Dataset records
────────────────

lemma interior_of_geodesic_in_nodes:
  assumes "y \<in> set (geodesic a b)" "y \<noteq> a" "y \<noteq> b"
  shows "y \<in> nodes V adj"
proof -
  obtain xs zs where split: "geodesic a b = xs @ y # zs"
    using assms(1) split_list by metis
  have "xs \<noteq> []" "zs \<noteq> []"
    using split hd_geodesic last_geodesic assms(2,3) by auto
  then have "adj y (last xs)" "adj y (hd zs)"
    using successively_geodesic split
    by (auto simp: successively_append_iff successively_Cons adj_sym)
  moreover have "last xs \<noteq> hd zs"
    using distinct_geodesic split last_in_set[OF \<open>xs \<noteq> []\<close>] hd_in_set[OF \<open>zs \<noteq> []\<close>] by auto
  ultimately have "card {last xs, hd zs} \<le> card (nbrs adj y)"
    by (intro card_mono finite_nbrs) (auto simp: nbrs_def)
  then show ?thesis
    using \<open>last xs \<noteq> hd zs\<close> \<open>adj y (last xs)\<close> adj_in_V unfolding nodes_def valency_def by auto
qed

end

lemma towards_in_geodesic:
  assumes "a \<in> V" "b \<in> V" "a \<noteq> b"
  shows "towards a b \<in> set (geodesic a b)"
proof -
  have "towards a b \<in> V"
    using geodesic_Cons(2)[OF assms] adj_in_V by blast
  then show ?thesis
    using geodesic_Cons(1)[OF assms] start_in_geodesic[OF _ assms(2)] by (metis list.set_intros(2))
qed

lemma geodesic_refl: "a \<in> V \<Longrightarrow> geodesic a a = [a]"
  by (rule geodesic_eqI) (auto simp: is_path_iff_successively)

lemma geodesic_adj: "adj a b \<Longrightarrow> geodesic a b = [a, b]"
  by (rule geodesic_eqI) (auto simp: is_path_iff_successively adj_in_V adj_irrefl)

lemma towards_adj: "adj a b \<Longrightarrow> towards a b = b"
  unfolding towards_def using geodesic_adj by simp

────────────────

▶ What you need to do: Set down, word for word, each line from the top of the records above through the line with "using assms(1) split_list by metis".

▶ Exercise response:
lemma interior_of_geodesic_in_nodes:
  assumes "y \<in> set (geodesic a b)" "y \<noteq> a" "y \<noteq> b"
  shows "y \<in> nodes V adj"
proof -
  obtain xs zs where split: "geodesic a b = xs @ y # zs"
    using assms(1) split_list by metis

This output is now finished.